Capitalization. My strongest feeling here is to avoid ALLCAPS names. They are hard to read, hard to type, and scream 1990s software. Favor, instead, lower case. Well, actually, what's called "Camel case" by some, since it has "humps" in the middle. For example, workEthic. I find that relatively easy to read and type.

Modified variables. Indications of modifications of variables go at the end. This has several advantages. If we want to describe all versions of the workEthic variable, we can use the command "describe workEthic*". We can also take advantage of auto-complete more easily. Examples to follow include:

workEthicSq. The square of workEthic.
workEthicCu. The cube of workEthic.
workEthicC. The centered version of workEthic
workEthicSt The standardized (mean 0, sd 1) version of workEthic
workEthic and workEthic2. Suppose we have two ways we've measured work ethic. Perhaps the first is based on the average of three variables and the second is based on the average of just two of those variables. Name one of those workEthic and the other workEthic2. A third version would be, of course, worthEthic3. We want to avoid the confusion that results from having multiple versions of a variable with the same name. We don't want to wonder which workEthic was used in a given regression.

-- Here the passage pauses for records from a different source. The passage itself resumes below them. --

lemma haar_energy_dyadic_index_Suc:
  fixes y :: "nat \<times> int \<Rightarrow> 'b::real_normed_vector"
  assumes "1 \<le> a"
  shows "haar_energy (dyadic_index (Suc a) (Suc b)) y =
    haar_energy (dyadic_index a b) (y \<circ> half_left) + haar_energy (dyadic_index a b) (y \<circ> half_right)"
proof -
  define f where "f = (\<lambda>(z :: nat \<times> int \<Rightarrow> 'b) t. (norm (haar_sum (dyadic_index a b) z t))\<^sup>2)"
  have integrable_f: "integrable lborel (\<lambda>t. f z (c + 2 * t))" for z c
    unfolding f_def
    by (intro lborel_integrable_real_affine integrable_norm_haar_sum_sq finite_dyadic_index) simp
  then have "haar_energy (dyadic_index (Suc a) (Suc b)) y =
      (\<integral>t. 2 * f (y \<circ> half_left) (0 + 2 * t) + 2 * f (y \<circ> half_right) (-1 + 2 * t) \<partial>lborel)"
    unfolding haar_energy_def norm_haar_sum_dyadic_index_Suc_sq[OF assms] f_def by simp
  also have "\<dots> = (\<integral>t. 2 * f (y \<circ> half_left) (0 + 2 * t) \<partial>lborel) +
      (\<integral>t. 2 * f (y \<circ> half_right) (-1 + 2 * t) \<partial>lborel)"
    by (intro Bochner_Integration.integral_add integrable_mult_right integrable_f)
  also have "\<dots> = haar_energy (dyadic_index a b) (y \<circ> half_left) + haar_energy (dyadic_index a b) (y \<circ> half_right)"
    unfolding integral_lborel_double by (simp add: haar_energy_def f_def)
  finally show ?thesis .
qed

definition tau_admissible :: "('a::real_normed_vector \<Rightarrow> 'b::real_normed_vector) \<Rightarrow> (nat \<times> int) set \<Rightarrow> real \<Rightarrow> bool" where
  "tau_admissible T F c \<longleftrightarrow> 0 \<le> c \<and> (\<forall>x. haar_energy F (T \<circ> x) \<le> c\<^sup>2 * (\<Sum>p\<in>F. (norm (x p))\<^sup>2))"

lemma tau_eq_Inf_admissible: "tau T F = Inf {c. tau_admissible T F c}"
proof -
  have iff: "L2_norm (\<lambda>t. \<Sum>(k, j)\<in>F. haar k j t *\<^sub>R T (x (k, j))) \<le> c * sqrt (\<Sum>(k, j)\<in>F. (norm (x (k, j)))\<^sup>2)
      \<longleftrightarrow> haar_energy F (T \<circ> x) \<le> c\<^sup>2 * (\<Sum>p\<in>F. (norm (x p))\<^sup>2)"
    if "0 \<le> c" for c and x :: "nat \<times> int \<Rightarrow> 'a"
  proof -
    have "(\<lambda>t. \<Sum>(k, j)\<in>F. haar k j t *\<^sub>R T (x (k, j))) = haar_sum F (T \<circ> x)"
      unfolding haar_sum_def by simp
    moreover have "c * sqrt (\<Sum>p\<in>F. (norm (x p))\<^sup>2) = sqrt (c\<^sup>2 * (\<Sum>p\<in>F. (norm (x p))\<^sup>2))"
      using that by (simp add: real_sqrt_mult)
    ultimately show ?thesis
      by (simp add: L2_norm_haar_sum)
  qed
  then show ?thesis
    unfolding tau_def tau_admissible_def by (simp cong: conj_cong)
qed

lemma tau_admissible_dyadic_index_Suc:
  fixes T :: "'a::real_normed_vector \<Rightarrow> 'b::real_normed_vector"
  assumes "1 \<le> a" "T 0 = 0"
  shows "tau_admissible T (dyadic_index (Suc a) (Suc b)) c \<longleftrightarrow> tau_admissible T (dyadic_index a b) c"
proof
  assume adm: "tau_admissible T (dyadic_index (Suc a) (Suc b)) c"
  show "tau_admissible T (dyadic_index a b) c"
    unfolding tau_admissible_def
  proof (intro conjI allI)
    show "0 \<le> c"
      using adm unfolding tau_admissible_def by simp
    fix x :: "nat \<times> int \<Rightarrow> 'a"
    define x' where "x' q = (if q \<in> half_left ` dyadic_index a b then x (inv half_left q) else 0)" for q
    have left: "x' (half_left p) = x p" and right: "x' (half_right p) = 0" if "p \<in> dyadic_index a b" for p
      using that disjoint_half_left_half_right inj_half_left unfolding x'_def by auto
    have "haar_energy (dyadic_index a b) (T \<circ> x' \<circ> half_left) = haar_energy (dyadic_index a b) (T \<circ> x)"
      by (rule haar_energy_cong) (simp add: left)
    moreover have "haar_energy (dyadic_index a b) (T \<circ> x' \<circ> half_right) = 0"
      by (rule haar_energy_eq_0) (simp add: right assms(2))
    moreover have "(\<Sum>p\<in>dyadic_index a b. (norm (x' (half_left p)))\<^sup>2) = (\<Sum>p\<in>dyadic_index a b. (norm (x p))\<^sup>2)"
      by (rule sum.cong) (simp_all add: left)
    moreover have "haar_energy (dyadic_index (Suc a) (Suc b)) (T \<circ> x') \<le>
        c\<^sup>2 * (\<Sum>p\<in>dyadic_index (Suc a) (Suc b). (norm (x' p))\<^sup>2)"
      using adm unfolding tau_admissible_def by simp
    ultimately show "haar_energy (dyadic_index a b) (T \<circ> x) \<le> c\<^sup>2 * (\<Sum>p\<in>dyadic_index a b. (norm (x p))\<^sup>2)"
      unfolding haar_energy_dyadic_index_Suc[OF assms(1)] sum_dyadic_index_Suc[OF assms(1)]
      by (simp add: right)
  qed
next
  assume adm: "tau_admissible T (dyadic_index a b) c"
  show "tau_admissible T (dyadic_index (Suc a) (Suc b)) c"
    unfolding tau_admissible_def
  proof (intro conjI allI)
    show "0 \<le> c"
      using adm unfolding tau_admissible_def by simp
    fix x :: "nat \<times> int \<Rightarrow> 'a"
    have "haar_energy (dyadic_index a b) (T \<circ> (x \<circ> h)) \<le> c\<^sup>2 * (\<Sum>p\<in>dyadic_index a b. (norm ((x \<circ> h) p))\<^sup>2)" for h
      using adm unfolding tau_admissible_def by blast
    then show "haar_energy (dyadic_index (Suc a) (Suc b)) (T \<circ> x) \<le>
        c\<^sup>2 * (\<Sum>p\<in>dyadic_index (Suc a) (Suc b). (norm (x p))\<^sup>2)"
      unfolding haar_energy_dyadic_index_Suc[OF assms(1)] sum_dyadic_index_Suc[OF assms(1)]
      by (simp add: comp_assoc distrib_left add_mono)
  qed
qed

Add indicators of modification in the order in which the modifications were made, from left to right. So, workEthic2CSq means we took the second version of workEthic, centered it, and then squared that. workEthic2SqC means we took the second version of workEthic, squared that, and then centered the result (which is a really weird thing to do). workEthic1C and workEthic2C are the results of centering the first and second versions of workEthic, respectively.

yr2000. Stata doesn't allow variables to start with a number. This is most often a problem when raw data has observations labeled by year, e.g, "2000". Renaming by prepending "yr" is helpful when it comes time to reshape the data, as it allows us to refer to the stub "yr". If we just preceded the variable with "y" (as I used to, sigh), then if you have a variable named youngKids, you have to take extra steps to work around it. Very few other variable names start with "yr".

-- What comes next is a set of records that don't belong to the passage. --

definition one_sided_linf_indep :: "nat set pmf \<Rightarrow> nat set \<Rightarrow> real \<Rightarrow> bool" where
  "one_sided_linf_indep \<mu> N D \<longleftrightarrow>
     (\<forall>S \<subseteq> N. prob_all \<mu> S > 0 \<longrightarrow>
        (\<forall>i \<in> N. prob_all \<mu> (insert i S) > 0 \<longrightarrow>
           (\<Sum>j\<in>N. \<bar>influence \<mu> S i j\<bar>) \<le> D))"

end

theory Submission
  imports Defs
begin

text \<open>For a distribution \<open>\<mu>\<close> on subsets of \<open>N\<close> consider the generating function
  \<open>g(x) = E \<Prod>k\<in>N - X. x\<^sub>k\<close> of the complement of the random set \<open>X\<close>. If \<open>g\<close> satisfies the
  Rayleigh inequality in every pair of coordinates, then evaluating it at indicator vectors
  shows that \<open>\<xi>\<^sub>i\<close> and \<open>\<xi>\<^sub>j\<close> are negatively correlated under every conditioning
  \<open>\<xi>\<^sub>\<ell> = 1 (\<ell> \<in> A)\<close>.

  For pivotal sampling this is proved bottom-up. Each subtree yields two functions \<open>K\<close>, \<open>H\<close>:
  the generating function of its unsampled leaves if the index left at its root is eventually
  rejected, resp. accepted. The invariant is that all combinations \<open>c K + d H\<close> are Rayleigh and
  \<open>K/H\<close> is nondecreasing in every coordinate. Because siblings are processed independently,
  a merge combines the pairs of the two children bilinearly, and for both merge rules the
  coefficient matrices satisfy the determinant conditions that preserve the invariant. An
  integral total mass \<open>k\<close> makes the root probability \<open>0\<close> or \<open>1\<close>, so the output is
  \<open>k\<close>-homogeneous with generating function \<open>K\<close> or \<open>H\<close> of the whole tree.

  Finally, homogeneity makes the influences of \<open>i\<close> sum to zero; all but the
  self-influence \<open>1 - Pr[\<xi>\<^sub>i = 1 | S]\<close> are nonpositive by negative correlation, so their
  absolute values sum to \<open>2 - 2 Pr[\<xi>\<^sub>i = 1 | S]\<close>.\<close>

section \<open>Rayleigh couples\<close>

text \<open>For multiaffine \<open>g\<close> this is the Rayleigh inequality
  \<open>g \<cdot> \<partial>\<^sub>u\<partial>\<^sub>v g \<le> \<partial>\<^sub>u g \<cdot> \<partial>\<^sub>v g\<close>: the difference of its two sides does not depend on
  \<open>x\<^sub>u, x\<^sub>v\<close>, and at the four corners it is the difference below.\<close>

definition rayleigh :: "(('a \<Rightarrow> real) \<Rightarrow> real) \<Rightarrow> bool" where
  "rayleigh g \<longleftrightarrow> (\<forall>x u v. u \<noteq> v \<longrightarrow>
     g (x(u := 0, v := 0)) * g (x(u := 1, v := 1)) \<le> g (x(u := 1, v := 0)) * g (x(u := 0, v := 1)))"

text \<open>\<open>K/H\<close> is nondecreasing in each coordinate, stated without division.\<close>

definition ratio_mono :: "(('a \<Rightarrow> real) \<Rightarrow> real) \<Rightarrow> (('a \<Rightarrow> real) \<Rightarrow> real) \<Rightarrow> bool" where
  "ratio_mono K H \<longleftrightarrow> (\<forall>x u. K (x(u := 0)) * H (x(u := 1)) \<le> H (x(u := 0)) * K (x(u := 1)))"

definition rayleigh_couple :: "(('a \<Rightarrow> real) \<Rightarrow> real) \<Rightarrow> (('a \<Rightarrow> real) \<Rightarrow> real) \<Rightarrow> bool" where
  "rayleigh_couple K H \<longleftrightarrow> (\<forall>c d. rayleigh (\<lambda>x. c * K x + d * H x)) \<and> ratio_mono K H"

definition depends_only_on :: "'a set \<Rightarrow> (('a \<Rightarrow> real) \<Rightarrow> real) \<Rightarrow> bool" where
  "depends_only_on L g \<longleftrightarrow> (\<forall>x y. (\<forall>k\<in>L. x k = y k) \<longrightarrow> g x = g y)"

definition bilin :: "real \<Rightarrow> real \<Rightarrow> real \<Rightarrow> real \<Rightarrow> real \<Rightarrow> real \<Rightarrow> real \<Rightarrow> real \<Rightarrow> real" where
  "bilin c11 c12 c21 c22 k h m n = c11 * k * m + c12 * k * n + c21 * h * m + c22 * h * n"

lemma depends_only_onD: "depends_only_on L g \<Longrightarrow> (\<And>k. k \<in> L \<Longrightarrow> x k = y k) \<Longrightarrow> g x = g y"
  unfolding depends_only_on_def by blast

lemma bilin_cross_le:
  assumes "g11 * g22 - g12 * g21 \<le> 0" "k0 * h1 \<le> h0 * k1" "m0 * n1 \<le> n0 * m1"
  shows "bilin g11 g12 g21 g22 k0 h0 m0 n0 * bilin g11 g12 g21 g22 k1 h1 m1 n1
     \<le> bilin g11 g12 g21 g22 k1 h1 m0 n0 * bilin g11 g12 g21 g22 k0 h0 m1 n1"
proof -
  have "bilin g11 g12 g21 g22 k1 h1 m0 n0 * bilin g11 g12 g21 g22 k0 h0 m1 n1
      - bilin g11 g12 g21 g22 k0 h0 m0 n0 * bilin g11 g12 g21 g22 k1 h1 m1 n1
      = (g12 * g21 - g11 * g22) * ((k0 * h1 - h0 * k1) * (m0 * n1 - n0 * m1))"
    unfolding bilin_def by (simp add: algebra_simps)
  moreover have "0 \<le> (g12 * g21 - g11 * g22) * ((k0 * h1 - h0 * k1) * (m0 * n1 - n0 * m1))"
    using assms by (intro mult_nonneg_nonneg mult_nonpos_nonpos) auto
  ultimately show ?thesis by linarith
qed

lemma lincomb_cross_le:
  fixes a11 a12 a21 a22 k0 h0 k1 h1 :: real
  assumes "0 \<le> a11 * a22 - a12 * a21" "k0 * h1 \<le> h0 * k1"
  shows "(a11 * k0 + a12 * h0) * (a21 * k1 + a22 * h1) \<le> (a21 * k0 + a22 * h0) * (a11 * k1 + a12 * h1)"
proof -
  have "(a11 * k0 + a12 * h0) * (a21 * k1 + a22 * h1) - (a21 * k0 + a22 * h0) * (a11 * k1 + a12 * h1)
      = (a11 * a22 - a12 * a21) * (k0 * h1 - h0 * k1)"
    by (simp add: algebra_simps)
  moreover have "(a11 * a22 - a12 * a21) * (k0 * h1 - h0 * k1) \<le> 0"
    using assms by (simp add: mult_nonneg_nonpos)
  ultimately show ?thesis by linarith
qed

There are some characters allowed in variable names in programs that don't work well or at all in Stata. These include ampersands, dashes, hashmarks(#), periods, commas, parentheses, question marks, exclamation marks, asterisks, and probably about any other punctuation.

Just FYI, here's why I now avoid several things I used to do. I no longer use underscores, e.g., work_ethic, because they add lots of typing and add length to variable names without adding information or much readability over camelCase. I don't use the number "2" to indicated squared variables, e.g., workEthic_2, because it can be confused with the version of the variable. Lastly, I try to avoid descriptors such as "original", "new", "old", "main", "regular", "alternative", etc., because they aren't easy to standardize and tend to pile up over time. Which came first, workEthicNew or workEthicAlternative? Did workEthicOriginal come as is from the raw data or was it or first attempt at forming the measure? Etc.

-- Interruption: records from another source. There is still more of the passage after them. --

lemma pair_step_layer_inv:
  assumes inv: "layer_inv n0 Bl0 Rd0 (L, Bl, Rd, n)"
    and B: "B \<subseteq> {..<n0}" and R: "R \<subseteq> {..<n0}" and BR: "B \<inter> R = {}"
    and clique: "red_clique Rd0 B"
  shows "layer_inv n0 Bl0 Rd0 (pair_step (B, R) (L, Bl, Rd, n))"
proof -
  (* n is v_{B,R}, with older black neighbours X, and Suc n is v'_{B,R}. *)
  define X where "X = B \<union> (if L = [] then {} else {last L})"
  define Bl1 where "Bl1 = Bl \<union> star_edges n X"
  from inv have "n0 \<le> n" and L: "set L \<subseteq> {..<n}"
    and Bl: "Bl \<subseteq> {..<n} \<times> {..<n}" and Rd: "Rd \<subseteq> {..<n} \<times> {..<n}"
    and "Bl \<inter> Rd = {}" and "triangle_free UNIV Bl"
    and last: "L \<noteq> [] \<Longrightarrow> n0 \<le> last L \<and> (\<forall>y<n0. (last L, y) \<notin> Bl \<and> (y, last L) \<notin> Bl)"
    by (auto simp: trigraph_inv_def)
  have last_less: "L \<noteq> [] \<Longrightarrow> last L < n"
    using L last_in_set by blast
  have X: "X \<subseteq> {..<n}"
    using B \<open>n0 \<le> n\<close> last_less by (auto simp: X_def)
  have R_less: "R \<subseteq> {..<n}"
    using R \<open>n0 \<le> n\<close> by auto
  have "X \<inter> R = {}"
    using BR R last by (auto simp: X_def)
  have "stable_set Bl X"
    using stable_set_new_black_nbrs[OF inv B clique] by (simp add: X_def)
  then have "triangle_free UNIV Bl1"
    unfolding Bl1_def
    using \<open>triangle_free UNIV Bl\<close> Bl X by (intro triangle_free_Un_star_edges) (auto simp: Field_def)
  moreover have Bl1: "Bl1 \<subseteq> {..<Suc n} \<times> {..<Suc n}"
    using Bl X by (auto simp: Bl1_def)
  ultimately have "triangle_free UNIV (Bl1 \<union> star_edges (Suc n) {n})"
    by (intro triangle_free_Un_star_edges) (auto simp: Field_def stable_set_def)
  moreover have "(Bl1 \<union> star_edges (Suc n) {n}) \<inter> (Rd \<union> star_edges n R) = {}"
    using \<open>Bl \<inter> Rd = {}\<close> \<open>X \<inter> R = {}\<close> Bl Rd X R_less by (fastforce simp: Bl1_def subset_eq)
  moreover have "Bl1 \<union> star_edges (Suc n) {n} \<subseteq> {..<n + 2} \<times> {..<n + 2}"
    using Bl1 by fastforce
  moreover have "Rd \<union> star_edges n R \<subseteq> {..<n + 2} \<times> {..<n + 2}"
    using Rd R_less by fastforce
  moreover have "(Suc n, y) \<notin> Bl1 \<and> (y, Suc n) \<notin> Bl1" for y
    using Bl1 by auto
  moreover have "pair_step (B, R) (L, Bl, Rd, n) =
      (L @ [n, Suc n], Bl1 \<union> star_edges (Suc n) {n}, Rd \<union> star_edges n R, n + 2)"
    by (simp only: pair_step_eq Bl1_def X_def)
  ultimately show ?thesis
    using inv L by (auto simp: trigraph_inv_def Bl1_def)
qed

lemma u_step_layer_inv:
  assumes enum: "\<And>P. finite P \<Longrightarrow> set (enum u P) = P"
    and "u < n0" and "Lprev \<subseteq> {..<n0}" and inv: "layer_inv n0 Bl0 Rd0 s"
  shows "layer_inv n0 Bl0 Rd0 (u_step enum t Lprev u s)"
proof -
  obtain L Bl Rd n where s: "s = (L, Bl, Rd, n)"
    by (cases s) auto
  define P where "P = admissible_pairs t Rd (Nup Lprev Bl Rd u)"
  have "Nup Lprev Bl Rd u \<subseteq> {..<n0}"
    using \<open>u < n0\<close> \<open>Lprev \<subseteq> {..<n0}\<close> by (auto simp: Nup_def)
  then have P: "P \<subseteq> {(B, R). B \<subseteq> {..<n0} \<and> R \<subseteq> {..<n0} \<and> B \<inter> R = {} \<and> red_clique Rd B}"
    by (auto simp: P_def admissible_pairs_def)
  then have "P \<subseteq> Pow {..<n0} \<times> Pow {..<n0}"
    by auto
  then have "finite P"
    by (rule finite_subset) simp
  have "layer_inv n0 Bl Rd (fold pair_step (enum u P) s)"
  proof (rule fold_invariant[where Q = "\<lambda>p. p \<in> P"])
    show "layer_inv n0 Bl Rd s"
      using inv by (simp add: s)
    show "p \<in> set (enum u P) \<Longrightarrow> p \<in> P" for p
      using enum \<open>finite P\<close> by blast
    show "layer_inv n0 Bl Rd (pair_step p s')" if "p \<in> P" "layer_inv n0 Bl Rd s'" for p s'
      using that P pair_step_layer_inv by (cases p; cases s') blast
  qed
  with inv show ?thesis
    by (cases "fold pair_step (enum u P) s") (auto simp: s P_def)
qed

fun build_inv :: "nat \<Rightarrow> nat list list \<times> edges \<times> edges \<times> nat \<Rightarrow> bool" where
  "build_inv i (Ls, Bl, Rd, n) \<longleftrightarrow>
     length Ls = Suc i \<and> (\<forall>l\<in>set Ls. set l \<subseteq> {..<n}) \<and> trigraph_inv n Bl Rd"

abbreviation black_edges ::
    "(nat \<Rightarrow> (nat set \<times> nat set) set \<Rightarrow> (nat set \<times> nat set) list) \<Rightarrow> nat \<Rightarrow> nat \<Rightarrow> edges" where
  "black_edges enum t i \<equiv> fst (snd (build enum t i))"

lemma build_Suc_inv:
  assumes enum: "\<And>u P. finite P \<Longrightarrow> set (enum u P) = P"
    and inv: "build_inv i (build enum t i)"
  shows "build_inv (Suc i) (build enum t (Suc i)) \<and> black_edges enum t i \<subseteq> black_edges enum t (Suc i)"
proof -
  obtain Ls Bl Rd n where b: "build enum t i = (Ls, Bl, Rd, n)"
    by (cases "build enum t i") auto
  define Lprev where "Lprev = \<Union> (set ` set (take i Ls))"
  obtain Lnew Bl' Rd' n' where new: "fold (u_step enum t Lprev) (Ls ! i) ([], Bl, Rd, n) = (Lnew, Bl', Rd', n')"
    by (cases "fold (u_step enum t Lprev) (Ls ! i) ([], Bl, Rd, n)") auto
  from inv have "length Ls = Suc i" and layers: "\<forall>l\<in>set Ls. set l \<subseteq> {..<n}" and "trigraph_inv n Bl Rd"
    by (simp_all add: b)
  then have "Ls ! i \<in> set Ls"
    by simp
  have "Lprev \<subseteq> {..<n}"
    using layers by (auto simp: Lprev_def dest: in_set_takeD)
  have "layer_inv n Bl Rd (fold (u_step enum t Lprev) (Ls ! i) ([], Bl, Rd, n))"
  proof (rule fold_invariant[where Q = "\<lambda>u. u < n"])
    show "layer_inv n Bl Rd ([], Bl, Rd, n)"
      using \<open>trigraph_inv n Bl Rd\<close> by simp
    show "u \<in> set (Ls ! i) \<Longrightarrow> u < n" for u
      using layers \<open>Ls ! i \<in> set Ls\<close> by blast
    show "layer_inv n Bl Rd (u_step enum t Lprev u s)" if "u < n" "layer_inv n Bl Rd s" for u s
      using u_step_layer_inv enum that \<open>Lprev \<subseteq> {..<n}\<close> by blast
  qed
  then have "n \<le> n'" "Bl \<subseteq> Bl'" "trigraph_inv n' Bl' Rd'" "set Lnew \<subseteq> {..<n'}"
    by (simp_all add: new)
  moreover have "build enum t (Suc i) = (Ls @ [Lnew], Bl', Rd', n')"
    using b new by (simp add: Lprev_def)
  ultimately show ?thesis
    using b \<open>length Ls = Suc i\<close> layers by fastforce
qed

lemma build_inv:
  assumes "\<And>u P. finite P \<Longrightarrow> set (enum u P) = P"
  shows "build_inv i (build enum t i)"
proof (induction i)
  case 0
  show ?case
    by (simp add: trigraph_inv_def triangle_free_def)
next
  case (Suc i)
  then show ?case
    using build_Suc_inv[of enum, OF assms] by blast
qed

lemma mono_black_edges:
  assumes "\<And>u P. finite P \<Longrightarrow> set (enum u P) = P"
  shows "mono (black_edges enum t)"
  unfolding mono_iff_le_Suc using build_Suc_inv[of enum, OF assms build_inv[OF assms]] by blast

lemma triangle_free_black_edges:
  assumes "\<And>u P. finite P \<Longrightarrow> set (enum u P) = P"
  shows "triangle_free UNIV (black_edges enum t i)"
  using build_inv[of enum i t, OF assms] by (cases "build enum t i") (simp add: trigraph_inv_def)

theorem mainTheorem14:
  fixes enum :: "nat \<Rightarrow> (nat set \<times> nat set) set \<Rightarrow> (nat set \<times> nat set) list"
    and t :: nat and S :: "nat set"
  assumes enum_ok: "\<And>u P. finite P \<Longrightarrow> set (enum u P) = P \<and> distinct (enum u P)"
    and "t \<ge> 1"
    and "finite S" and "S \<subseteq> Gt_vertices enum t"
  shows "triangle_free S (induced_edges S (Wt_edges enum t))"
proof -
  (* W'_t itself is triangle-free. *)
  have enum: "\<And>u P. finite P \<Longrightarrow> set (enum u P) = P"
    using enum_ok by blast
  have "triangle_free UNIV (\<Union>i. black_edges enum t i)"
    using mono_black_edges[OF enum] triangle_free_black_edges[OF enum] by (rule triangle_free_UN_mono)
  then show ?thesis
    unfolding Wt_edges_def by (rule triangle_free_induced_edges) simp
qed

end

You will often get data in which these norms have not been followed. Actually, I've never gotten raw data in which they have all been followed. It's not worth renaming all of the original variables, especially if a lot of them won't be used. My preference would be to add lines to the variable manipulation version of the do file if and when it becomes obvious that we'll use a variable. So, if we're going to use var1 a lot, it's worth doing

clonevar var1 yearPartentsEntered

and subsequently using yearPartentsEntered. If you group those together in the code, it's pretty easy to track down the original origin of any variable.

On the other hand, if you are going to average ten measures called Var1-Var10 to generate the workEthic variable and then just use that, I probably wouldn't bother renaming the original variables either to the camelCased var1 or to the more informative finishJobImportant, lazyPeopleBad, etc. Just not worth it when we can just do egen workEthic=rmean(Var1-Var10).